__DESCRIPTION OF THE TASK__
Scan the data and please report how many lines include the word "imports". Leave out everything but the number.

__ENTRIES PROVIDED__
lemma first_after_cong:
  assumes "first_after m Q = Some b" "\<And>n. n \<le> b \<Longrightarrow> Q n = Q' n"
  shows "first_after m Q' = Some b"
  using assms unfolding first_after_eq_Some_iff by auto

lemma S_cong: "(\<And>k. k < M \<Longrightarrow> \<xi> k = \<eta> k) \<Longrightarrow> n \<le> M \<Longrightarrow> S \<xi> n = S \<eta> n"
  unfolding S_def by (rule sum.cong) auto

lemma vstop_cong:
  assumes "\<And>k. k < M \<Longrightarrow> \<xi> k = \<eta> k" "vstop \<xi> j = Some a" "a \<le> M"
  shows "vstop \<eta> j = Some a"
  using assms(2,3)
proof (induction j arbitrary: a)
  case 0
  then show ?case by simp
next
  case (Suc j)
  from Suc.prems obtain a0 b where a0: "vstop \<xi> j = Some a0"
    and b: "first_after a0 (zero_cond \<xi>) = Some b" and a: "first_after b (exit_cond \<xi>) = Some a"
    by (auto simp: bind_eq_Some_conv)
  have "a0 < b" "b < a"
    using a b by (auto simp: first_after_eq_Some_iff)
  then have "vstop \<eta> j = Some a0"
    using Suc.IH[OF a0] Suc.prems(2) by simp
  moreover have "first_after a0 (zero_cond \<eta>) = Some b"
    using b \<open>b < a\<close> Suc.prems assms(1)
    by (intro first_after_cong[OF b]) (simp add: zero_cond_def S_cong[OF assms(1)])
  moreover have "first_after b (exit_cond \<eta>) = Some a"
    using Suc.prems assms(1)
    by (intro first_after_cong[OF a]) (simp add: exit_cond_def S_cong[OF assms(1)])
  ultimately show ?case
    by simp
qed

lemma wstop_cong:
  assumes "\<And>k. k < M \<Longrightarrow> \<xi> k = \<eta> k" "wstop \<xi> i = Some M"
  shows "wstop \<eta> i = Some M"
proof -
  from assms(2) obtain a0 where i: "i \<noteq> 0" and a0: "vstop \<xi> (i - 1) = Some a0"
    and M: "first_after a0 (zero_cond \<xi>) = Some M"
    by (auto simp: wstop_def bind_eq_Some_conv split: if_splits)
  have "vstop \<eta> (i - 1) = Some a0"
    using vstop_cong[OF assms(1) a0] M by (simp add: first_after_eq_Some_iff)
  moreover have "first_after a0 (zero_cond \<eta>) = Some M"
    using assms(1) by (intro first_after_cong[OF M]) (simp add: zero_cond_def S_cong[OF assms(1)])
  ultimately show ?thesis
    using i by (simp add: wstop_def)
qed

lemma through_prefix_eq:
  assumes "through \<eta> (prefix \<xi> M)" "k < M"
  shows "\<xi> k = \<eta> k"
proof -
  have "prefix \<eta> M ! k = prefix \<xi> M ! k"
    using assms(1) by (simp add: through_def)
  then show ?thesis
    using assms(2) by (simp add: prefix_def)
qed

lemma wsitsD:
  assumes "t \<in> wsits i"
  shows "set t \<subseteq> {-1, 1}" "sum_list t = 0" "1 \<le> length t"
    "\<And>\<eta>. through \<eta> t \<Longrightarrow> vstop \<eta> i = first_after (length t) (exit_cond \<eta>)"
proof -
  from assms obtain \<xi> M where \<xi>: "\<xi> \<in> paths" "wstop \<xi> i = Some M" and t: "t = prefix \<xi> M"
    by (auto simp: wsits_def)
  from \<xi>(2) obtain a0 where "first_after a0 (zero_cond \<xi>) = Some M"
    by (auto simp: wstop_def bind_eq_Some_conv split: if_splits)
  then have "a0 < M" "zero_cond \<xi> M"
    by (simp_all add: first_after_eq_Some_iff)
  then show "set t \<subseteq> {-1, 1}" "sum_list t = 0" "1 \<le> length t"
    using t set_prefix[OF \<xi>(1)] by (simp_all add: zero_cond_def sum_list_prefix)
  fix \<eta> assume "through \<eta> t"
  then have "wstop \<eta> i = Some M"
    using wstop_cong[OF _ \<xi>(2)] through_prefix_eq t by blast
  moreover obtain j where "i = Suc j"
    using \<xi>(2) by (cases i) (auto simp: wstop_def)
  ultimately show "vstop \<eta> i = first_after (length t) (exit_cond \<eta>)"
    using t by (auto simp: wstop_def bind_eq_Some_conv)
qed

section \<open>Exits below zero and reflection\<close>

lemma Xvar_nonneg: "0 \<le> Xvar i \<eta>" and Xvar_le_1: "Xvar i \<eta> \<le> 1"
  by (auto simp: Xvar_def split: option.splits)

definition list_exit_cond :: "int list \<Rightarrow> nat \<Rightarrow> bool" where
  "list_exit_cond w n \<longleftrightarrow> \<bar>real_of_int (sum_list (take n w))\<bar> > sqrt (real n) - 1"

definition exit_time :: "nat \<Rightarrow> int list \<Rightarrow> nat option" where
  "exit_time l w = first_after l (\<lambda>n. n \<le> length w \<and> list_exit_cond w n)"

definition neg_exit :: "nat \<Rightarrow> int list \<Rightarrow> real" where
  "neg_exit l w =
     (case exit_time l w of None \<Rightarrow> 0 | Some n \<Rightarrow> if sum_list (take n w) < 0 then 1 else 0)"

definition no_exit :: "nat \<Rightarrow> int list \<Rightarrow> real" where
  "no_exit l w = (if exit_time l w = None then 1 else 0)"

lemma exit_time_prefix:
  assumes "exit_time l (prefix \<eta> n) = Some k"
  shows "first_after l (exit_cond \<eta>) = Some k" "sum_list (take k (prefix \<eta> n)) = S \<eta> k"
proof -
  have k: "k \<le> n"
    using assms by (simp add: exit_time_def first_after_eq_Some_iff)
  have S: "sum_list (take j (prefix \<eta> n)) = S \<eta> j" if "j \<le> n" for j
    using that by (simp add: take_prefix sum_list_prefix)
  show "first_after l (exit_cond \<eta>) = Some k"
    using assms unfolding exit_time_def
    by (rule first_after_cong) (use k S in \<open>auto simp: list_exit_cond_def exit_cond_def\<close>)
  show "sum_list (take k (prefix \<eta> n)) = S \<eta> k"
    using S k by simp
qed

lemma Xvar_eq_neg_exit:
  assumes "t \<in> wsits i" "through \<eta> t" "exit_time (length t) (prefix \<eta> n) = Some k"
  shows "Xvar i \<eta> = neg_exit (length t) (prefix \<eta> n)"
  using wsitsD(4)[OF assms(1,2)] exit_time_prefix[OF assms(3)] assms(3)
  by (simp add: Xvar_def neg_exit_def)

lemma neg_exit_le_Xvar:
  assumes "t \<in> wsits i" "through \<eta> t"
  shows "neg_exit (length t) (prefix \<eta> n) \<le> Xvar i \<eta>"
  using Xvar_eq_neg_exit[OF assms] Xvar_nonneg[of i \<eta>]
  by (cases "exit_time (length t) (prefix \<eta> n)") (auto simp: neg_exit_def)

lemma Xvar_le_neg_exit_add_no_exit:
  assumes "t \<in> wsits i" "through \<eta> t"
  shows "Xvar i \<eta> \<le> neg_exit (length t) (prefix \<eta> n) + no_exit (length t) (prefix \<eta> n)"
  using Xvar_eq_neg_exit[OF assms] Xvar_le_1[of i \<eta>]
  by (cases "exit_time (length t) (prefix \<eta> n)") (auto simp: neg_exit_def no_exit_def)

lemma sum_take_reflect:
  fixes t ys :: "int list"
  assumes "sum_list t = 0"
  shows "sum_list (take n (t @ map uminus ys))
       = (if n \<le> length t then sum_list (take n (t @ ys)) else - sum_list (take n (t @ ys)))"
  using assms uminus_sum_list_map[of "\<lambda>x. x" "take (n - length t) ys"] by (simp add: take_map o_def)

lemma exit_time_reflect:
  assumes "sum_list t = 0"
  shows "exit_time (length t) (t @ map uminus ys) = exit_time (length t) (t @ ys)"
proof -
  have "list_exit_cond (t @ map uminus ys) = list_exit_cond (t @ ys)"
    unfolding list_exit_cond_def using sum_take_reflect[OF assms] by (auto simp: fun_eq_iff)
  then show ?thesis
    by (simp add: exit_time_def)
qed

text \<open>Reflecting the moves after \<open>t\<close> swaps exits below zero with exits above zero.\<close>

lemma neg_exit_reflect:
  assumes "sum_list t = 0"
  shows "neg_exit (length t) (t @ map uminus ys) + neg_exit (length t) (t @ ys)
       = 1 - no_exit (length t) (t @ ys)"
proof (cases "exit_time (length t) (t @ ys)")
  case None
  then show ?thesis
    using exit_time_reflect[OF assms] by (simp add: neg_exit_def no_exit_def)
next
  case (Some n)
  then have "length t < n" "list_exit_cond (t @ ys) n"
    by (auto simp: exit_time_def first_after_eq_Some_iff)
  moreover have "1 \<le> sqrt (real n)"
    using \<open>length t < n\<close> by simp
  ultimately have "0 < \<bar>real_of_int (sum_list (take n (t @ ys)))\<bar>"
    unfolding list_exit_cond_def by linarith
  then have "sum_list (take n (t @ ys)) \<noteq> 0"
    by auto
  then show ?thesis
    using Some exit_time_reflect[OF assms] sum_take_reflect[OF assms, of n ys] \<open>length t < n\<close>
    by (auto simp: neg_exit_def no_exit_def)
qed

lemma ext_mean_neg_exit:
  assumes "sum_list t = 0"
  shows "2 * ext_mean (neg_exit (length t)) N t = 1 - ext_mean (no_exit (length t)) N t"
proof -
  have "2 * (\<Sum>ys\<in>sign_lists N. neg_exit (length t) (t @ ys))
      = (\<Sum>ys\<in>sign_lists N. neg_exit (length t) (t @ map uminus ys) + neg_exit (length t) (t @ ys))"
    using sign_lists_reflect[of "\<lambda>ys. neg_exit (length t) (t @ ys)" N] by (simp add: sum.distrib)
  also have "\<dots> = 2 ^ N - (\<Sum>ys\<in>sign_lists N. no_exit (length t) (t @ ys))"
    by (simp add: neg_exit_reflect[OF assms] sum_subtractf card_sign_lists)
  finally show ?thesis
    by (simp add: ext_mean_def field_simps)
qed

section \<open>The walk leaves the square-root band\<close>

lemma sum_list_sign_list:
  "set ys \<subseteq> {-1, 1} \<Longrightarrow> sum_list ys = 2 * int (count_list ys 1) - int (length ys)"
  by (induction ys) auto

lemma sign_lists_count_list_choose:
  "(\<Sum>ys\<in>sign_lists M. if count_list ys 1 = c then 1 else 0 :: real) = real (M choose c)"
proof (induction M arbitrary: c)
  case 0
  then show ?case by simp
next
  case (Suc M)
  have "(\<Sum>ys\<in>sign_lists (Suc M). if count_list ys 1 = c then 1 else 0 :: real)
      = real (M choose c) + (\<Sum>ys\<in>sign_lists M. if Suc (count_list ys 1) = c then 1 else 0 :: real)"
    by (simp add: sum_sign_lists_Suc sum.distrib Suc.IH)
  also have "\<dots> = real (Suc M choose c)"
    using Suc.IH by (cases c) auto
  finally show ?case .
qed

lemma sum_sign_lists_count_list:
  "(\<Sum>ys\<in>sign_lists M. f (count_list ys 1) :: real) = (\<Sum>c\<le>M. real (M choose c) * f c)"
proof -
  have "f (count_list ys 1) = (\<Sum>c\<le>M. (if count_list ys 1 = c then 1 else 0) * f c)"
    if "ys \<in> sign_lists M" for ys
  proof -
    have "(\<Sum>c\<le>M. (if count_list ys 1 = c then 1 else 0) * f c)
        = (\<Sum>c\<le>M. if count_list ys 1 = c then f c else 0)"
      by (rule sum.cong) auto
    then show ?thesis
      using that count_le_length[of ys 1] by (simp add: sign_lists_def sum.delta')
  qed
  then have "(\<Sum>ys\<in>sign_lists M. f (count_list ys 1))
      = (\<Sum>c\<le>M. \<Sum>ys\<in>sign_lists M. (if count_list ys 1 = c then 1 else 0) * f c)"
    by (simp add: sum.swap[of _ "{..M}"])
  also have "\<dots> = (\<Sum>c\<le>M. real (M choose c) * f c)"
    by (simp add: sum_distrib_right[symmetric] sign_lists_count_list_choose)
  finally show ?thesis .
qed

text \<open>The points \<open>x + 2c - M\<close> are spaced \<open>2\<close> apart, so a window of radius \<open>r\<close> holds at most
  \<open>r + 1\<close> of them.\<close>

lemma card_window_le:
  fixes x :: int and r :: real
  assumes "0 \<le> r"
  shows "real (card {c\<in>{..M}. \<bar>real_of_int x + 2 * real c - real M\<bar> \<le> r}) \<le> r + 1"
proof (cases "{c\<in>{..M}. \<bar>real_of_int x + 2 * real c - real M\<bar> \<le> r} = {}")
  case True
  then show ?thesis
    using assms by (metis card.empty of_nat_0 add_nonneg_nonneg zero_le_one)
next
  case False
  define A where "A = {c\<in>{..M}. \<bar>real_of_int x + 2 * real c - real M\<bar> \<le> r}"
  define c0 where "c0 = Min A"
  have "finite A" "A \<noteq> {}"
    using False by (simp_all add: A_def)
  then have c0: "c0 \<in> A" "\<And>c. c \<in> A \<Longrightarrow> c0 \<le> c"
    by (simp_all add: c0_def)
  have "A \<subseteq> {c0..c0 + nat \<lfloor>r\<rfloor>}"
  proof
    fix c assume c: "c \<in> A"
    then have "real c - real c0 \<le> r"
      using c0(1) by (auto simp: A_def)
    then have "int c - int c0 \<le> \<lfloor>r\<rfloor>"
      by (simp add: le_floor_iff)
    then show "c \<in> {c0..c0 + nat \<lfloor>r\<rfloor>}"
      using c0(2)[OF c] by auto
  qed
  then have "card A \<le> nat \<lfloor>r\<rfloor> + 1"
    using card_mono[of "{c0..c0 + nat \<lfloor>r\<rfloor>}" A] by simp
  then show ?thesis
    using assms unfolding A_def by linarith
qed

...

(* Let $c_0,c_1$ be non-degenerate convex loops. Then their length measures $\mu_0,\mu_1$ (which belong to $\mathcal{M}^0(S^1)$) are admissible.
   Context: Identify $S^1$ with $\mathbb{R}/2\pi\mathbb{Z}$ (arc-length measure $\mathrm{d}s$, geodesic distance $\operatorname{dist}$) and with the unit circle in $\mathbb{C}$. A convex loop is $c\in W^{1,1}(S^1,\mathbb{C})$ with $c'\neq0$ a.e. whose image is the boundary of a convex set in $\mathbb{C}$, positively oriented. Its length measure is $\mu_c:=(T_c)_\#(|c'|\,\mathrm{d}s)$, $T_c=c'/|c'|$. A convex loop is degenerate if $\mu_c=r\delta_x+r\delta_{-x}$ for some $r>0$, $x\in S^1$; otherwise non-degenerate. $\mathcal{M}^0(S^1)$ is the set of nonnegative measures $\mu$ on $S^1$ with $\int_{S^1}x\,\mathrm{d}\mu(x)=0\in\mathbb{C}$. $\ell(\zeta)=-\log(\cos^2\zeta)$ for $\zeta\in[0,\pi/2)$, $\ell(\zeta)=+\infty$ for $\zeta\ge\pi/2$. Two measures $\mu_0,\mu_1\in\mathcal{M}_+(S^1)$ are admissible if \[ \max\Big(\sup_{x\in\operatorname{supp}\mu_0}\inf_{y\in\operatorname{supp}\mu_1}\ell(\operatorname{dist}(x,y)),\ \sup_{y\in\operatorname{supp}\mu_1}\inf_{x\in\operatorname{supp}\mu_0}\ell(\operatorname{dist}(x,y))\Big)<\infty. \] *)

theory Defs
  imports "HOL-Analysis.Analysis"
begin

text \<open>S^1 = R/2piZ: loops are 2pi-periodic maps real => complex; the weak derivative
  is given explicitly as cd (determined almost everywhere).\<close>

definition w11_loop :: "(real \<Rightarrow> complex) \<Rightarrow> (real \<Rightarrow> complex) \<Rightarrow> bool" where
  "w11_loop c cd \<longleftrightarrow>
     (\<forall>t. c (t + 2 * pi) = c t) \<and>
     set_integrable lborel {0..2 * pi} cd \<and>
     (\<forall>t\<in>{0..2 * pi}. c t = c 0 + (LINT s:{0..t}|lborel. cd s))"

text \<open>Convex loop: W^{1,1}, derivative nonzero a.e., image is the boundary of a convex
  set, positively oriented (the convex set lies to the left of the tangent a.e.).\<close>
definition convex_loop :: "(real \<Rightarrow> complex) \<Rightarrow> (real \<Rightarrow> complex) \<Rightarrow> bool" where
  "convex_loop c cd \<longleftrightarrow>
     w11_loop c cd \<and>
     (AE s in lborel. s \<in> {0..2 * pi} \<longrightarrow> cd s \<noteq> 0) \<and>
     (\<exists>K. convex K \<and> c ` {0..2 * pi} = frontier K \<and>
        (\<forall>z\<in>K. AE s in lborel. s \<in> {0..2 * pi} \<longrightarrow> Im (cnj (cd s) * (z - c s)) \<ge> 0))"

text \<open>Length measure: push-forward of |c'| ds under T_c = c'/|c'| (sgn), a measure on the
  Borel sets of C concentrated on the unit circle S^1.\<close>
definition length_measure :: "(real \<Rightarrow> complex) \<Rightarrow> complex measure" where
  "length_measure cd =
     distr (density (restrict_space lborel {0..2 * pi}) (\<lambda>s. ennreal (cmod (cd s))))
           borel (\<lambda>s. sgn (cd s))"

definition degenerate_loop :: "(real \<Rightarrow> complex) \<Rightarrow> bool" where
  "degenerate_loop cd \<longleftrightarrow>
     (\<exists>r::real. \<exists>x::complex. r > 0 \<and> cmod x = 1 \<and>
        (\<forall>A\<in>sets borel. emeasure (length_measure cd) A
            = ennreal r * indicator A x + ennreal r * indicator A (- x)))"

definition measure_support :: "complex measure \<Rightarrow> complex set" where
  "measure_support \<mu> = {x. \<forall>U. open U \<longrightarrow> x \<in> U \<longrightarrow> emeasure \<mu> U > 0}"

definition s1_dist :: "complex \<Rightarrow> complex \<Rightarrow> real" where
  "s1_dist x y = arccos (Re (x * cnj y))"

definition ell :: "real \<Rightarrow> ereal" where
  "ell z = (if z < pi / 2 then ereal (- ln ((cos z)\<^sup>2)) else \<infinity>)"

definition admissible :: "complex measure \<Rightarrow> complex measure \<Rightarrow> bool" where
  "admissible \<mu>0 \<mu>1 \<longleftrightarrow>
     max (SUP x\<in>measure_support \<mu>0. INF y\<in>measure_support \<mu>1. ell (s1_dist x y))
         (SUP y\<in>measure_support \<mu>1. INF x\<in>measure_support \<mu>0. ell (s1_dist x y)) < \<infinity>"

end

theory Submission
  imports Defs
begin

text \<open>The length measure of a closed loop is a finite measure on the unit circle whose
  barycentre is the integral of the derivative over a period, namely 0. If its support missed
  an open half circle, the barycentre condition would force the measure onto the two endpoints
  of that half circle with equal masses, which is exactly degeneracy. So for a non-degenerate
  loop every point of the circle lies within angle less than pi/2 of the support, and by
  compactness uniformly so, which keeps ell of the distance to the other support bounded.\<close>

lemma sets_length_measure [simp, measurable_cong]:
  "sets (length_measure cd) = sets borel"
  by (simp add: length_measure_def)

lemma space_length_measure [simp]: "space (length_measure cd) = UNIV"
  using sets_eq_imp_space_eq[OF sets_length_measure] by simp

--

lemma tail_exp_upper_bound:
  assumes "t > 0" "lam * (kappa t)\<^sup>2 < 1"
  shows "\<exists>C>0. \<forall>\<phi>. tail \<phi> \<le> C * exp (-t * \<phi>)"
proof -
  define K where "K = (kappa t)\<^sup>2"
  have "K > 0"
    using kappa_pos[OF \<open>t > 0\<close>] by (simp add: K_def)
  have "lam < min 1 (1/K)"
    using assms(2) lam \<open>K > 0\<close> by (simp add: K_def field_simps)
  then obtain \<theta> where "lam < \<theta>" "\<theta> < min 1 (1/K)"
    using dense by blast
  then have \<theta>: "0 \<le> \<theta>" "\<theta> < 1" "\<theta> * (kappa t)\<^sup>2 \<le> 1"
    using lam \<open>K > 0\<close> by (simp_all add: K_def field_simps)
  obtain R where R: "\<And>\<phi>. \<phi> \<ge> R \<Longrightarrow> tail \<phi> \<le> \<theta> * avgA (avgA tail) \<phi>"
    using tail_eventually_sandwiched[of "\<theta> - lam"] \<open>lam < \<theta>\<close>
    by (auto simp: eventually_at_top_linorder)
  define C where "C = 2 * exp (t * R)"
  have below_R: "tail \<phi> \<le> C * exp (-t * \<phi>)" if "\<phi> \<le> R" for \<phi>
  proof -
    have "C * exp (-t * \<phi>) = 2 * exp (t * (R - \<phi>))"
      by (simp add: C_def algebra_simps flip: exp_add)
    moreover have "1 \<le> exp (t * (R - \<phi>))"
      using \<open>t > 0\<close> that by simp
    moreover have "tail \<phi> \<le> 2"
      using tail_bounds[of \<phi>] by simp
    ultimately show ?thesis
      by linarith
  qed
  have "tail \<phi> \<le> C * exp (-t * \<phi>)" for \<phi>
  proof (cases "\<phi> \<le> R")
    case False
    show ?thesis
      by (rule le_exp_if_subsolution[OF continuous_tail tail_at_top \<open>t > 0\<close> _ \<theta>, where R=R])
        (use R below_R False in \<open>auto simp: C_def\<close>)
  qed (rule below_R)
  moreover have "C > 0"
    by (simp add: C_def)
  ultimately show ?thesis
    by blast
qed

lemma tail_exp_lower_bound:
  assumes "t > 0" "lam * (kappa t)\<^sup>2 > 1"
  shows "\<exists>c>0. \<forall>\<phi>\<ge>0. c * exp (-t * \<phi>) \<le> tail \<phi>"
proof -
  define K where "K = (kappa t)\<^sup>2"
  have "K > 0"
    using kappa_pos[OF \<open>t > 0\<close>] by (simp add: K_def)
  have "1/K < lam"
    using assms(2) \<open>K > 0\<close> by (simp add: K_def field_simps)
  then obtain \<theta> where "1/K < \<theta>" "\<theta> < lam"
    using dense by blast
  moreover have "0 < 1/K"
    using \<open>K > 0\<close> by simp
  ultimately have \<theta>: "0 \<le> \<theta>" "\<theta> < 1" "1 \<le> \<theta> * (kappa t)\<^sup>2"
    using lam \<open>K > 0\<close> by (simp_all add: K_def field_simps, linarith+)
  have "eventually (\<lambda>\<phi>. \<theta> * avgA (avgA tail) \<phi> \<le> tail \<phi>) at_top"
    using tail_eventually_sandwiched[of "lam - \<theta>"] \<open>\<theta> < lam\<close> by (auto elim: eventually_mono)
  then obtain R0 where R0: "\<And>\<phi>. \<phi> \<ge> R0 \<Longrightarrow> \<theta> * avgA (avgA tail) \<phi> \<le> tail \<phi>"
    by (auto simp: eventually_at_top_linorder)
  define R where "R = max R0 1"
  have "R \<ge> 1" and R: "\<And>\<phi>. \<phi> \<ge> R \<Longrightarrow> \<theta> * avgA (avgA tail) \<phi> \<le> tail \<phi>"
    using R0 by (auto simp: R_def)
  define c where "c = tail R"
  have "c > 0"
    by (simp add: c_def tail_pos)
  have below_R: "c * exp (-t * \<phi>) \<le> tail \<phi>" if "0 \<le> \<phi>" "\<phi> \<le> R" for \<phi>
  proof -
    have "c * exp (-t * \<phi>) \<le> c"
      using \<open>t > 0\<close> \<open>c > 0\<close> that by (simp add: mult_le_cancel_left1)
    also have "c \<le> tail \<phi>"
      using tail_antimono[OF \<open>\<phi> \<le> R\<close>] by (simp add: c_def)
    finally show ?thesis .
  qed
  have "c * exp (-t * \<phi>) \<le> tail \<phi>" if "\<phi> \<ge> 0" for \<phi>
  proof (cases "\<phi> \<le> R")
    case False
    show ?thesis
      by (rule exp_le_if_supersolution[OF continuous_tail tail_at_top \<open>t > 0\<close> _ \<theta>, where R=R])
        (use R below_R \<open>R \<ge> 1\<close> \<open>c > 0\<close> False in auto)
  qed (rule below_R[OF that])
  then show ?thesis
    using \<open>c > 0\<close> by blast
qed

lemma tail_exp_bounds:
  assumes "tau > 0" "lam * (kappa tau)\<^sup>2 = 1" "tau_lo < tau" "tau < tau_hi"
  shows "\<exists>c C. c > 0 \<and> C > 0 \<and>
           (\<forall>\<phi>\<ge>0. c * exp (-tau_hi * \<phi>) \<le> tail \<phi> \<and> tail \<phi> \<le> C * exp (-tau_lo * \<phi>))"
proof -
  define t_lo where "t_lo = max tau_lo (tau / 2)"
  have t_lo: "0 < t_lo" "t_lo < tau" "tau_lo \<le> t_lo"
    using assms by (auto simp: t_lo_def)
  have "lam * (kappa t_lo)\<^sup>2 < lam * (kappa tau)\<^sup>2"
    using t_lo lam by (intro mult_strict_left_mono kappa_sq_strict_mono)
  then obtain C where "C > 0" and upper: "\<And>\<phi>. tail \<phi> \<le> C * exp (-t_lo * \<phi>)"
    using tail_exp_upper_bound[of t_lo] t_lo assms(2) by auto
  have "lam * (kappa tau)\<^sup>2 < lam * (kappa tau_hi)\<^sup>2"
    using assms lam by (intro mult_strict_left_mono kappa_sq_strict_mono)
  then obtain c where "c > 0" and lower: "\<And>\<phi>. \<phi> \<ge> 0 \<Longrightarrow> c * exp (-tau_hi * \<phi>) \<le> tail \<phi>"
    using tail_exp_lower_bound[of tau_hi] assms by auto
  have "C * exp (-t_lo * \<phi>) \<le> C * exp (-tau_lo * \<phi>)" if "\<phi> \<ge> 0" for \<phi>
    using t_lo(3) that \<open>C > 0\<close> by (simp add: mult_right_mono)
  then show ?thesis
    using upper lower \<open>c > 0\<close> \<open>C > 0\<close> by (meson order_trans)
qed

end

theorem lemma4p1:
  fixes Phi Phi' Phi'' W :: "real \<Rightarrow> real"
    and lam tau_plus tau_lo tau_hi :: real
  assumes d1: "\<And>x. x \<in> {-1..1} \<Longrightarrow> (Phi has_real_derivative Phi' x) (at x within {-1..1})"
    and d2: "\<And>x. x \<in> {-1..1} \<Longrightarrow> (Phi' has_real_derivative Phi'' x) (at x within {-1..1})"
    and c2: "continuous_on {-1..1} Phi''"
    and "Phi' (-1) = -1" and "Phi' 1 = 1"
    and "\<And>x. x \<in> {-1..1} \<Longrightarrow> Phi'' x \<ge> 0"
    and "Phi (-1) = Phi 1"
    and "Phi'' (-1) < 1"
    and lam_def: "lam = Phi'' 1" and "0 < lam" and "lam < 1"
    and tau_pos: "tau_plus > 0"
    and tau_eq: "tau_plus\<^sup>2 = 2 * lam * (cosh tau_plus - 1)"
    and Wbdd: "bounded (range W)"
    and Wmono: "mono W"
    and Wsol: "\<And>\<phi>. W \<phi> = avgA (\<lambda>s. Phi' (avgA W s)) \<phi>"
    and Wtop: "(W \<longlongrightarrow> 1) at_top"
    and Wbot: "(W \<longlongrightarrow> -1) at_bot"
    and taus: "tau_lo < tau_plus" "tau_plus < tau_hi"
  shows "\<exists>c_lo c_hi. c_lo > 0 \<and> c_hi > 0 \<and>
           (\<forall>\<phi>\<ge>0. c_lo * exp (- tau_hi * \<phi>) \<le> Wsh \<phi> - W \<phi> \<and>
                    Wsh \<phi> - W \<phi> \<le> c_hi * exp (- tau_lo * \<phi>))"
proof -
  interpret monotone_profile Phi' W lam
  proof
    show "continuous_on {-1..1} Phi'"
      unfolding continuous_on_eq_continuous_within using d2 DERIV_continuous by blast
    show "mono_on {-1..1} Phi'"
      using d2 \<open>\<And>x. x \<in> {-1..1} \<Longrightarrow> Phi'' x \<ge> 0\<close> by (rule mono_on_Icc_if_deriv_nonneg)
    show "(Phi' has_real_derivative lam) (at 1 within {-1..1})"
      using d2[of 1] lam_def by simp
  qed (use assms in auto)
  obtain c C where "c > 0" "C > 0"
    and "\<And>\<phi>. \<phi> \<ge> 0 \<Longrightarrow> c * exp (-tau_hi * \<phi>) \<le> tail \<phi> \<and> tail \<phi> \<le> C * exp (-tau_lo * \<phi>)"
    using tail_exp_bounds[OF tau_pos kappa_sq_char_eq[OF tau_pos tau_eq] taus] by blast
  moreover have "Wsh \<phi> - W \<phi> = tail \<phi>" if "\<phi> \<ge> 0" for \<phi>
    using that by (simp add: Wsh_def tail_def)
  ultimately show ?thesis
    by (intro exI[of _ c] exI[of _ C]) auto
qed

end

__EXERCISE ANSWER__
2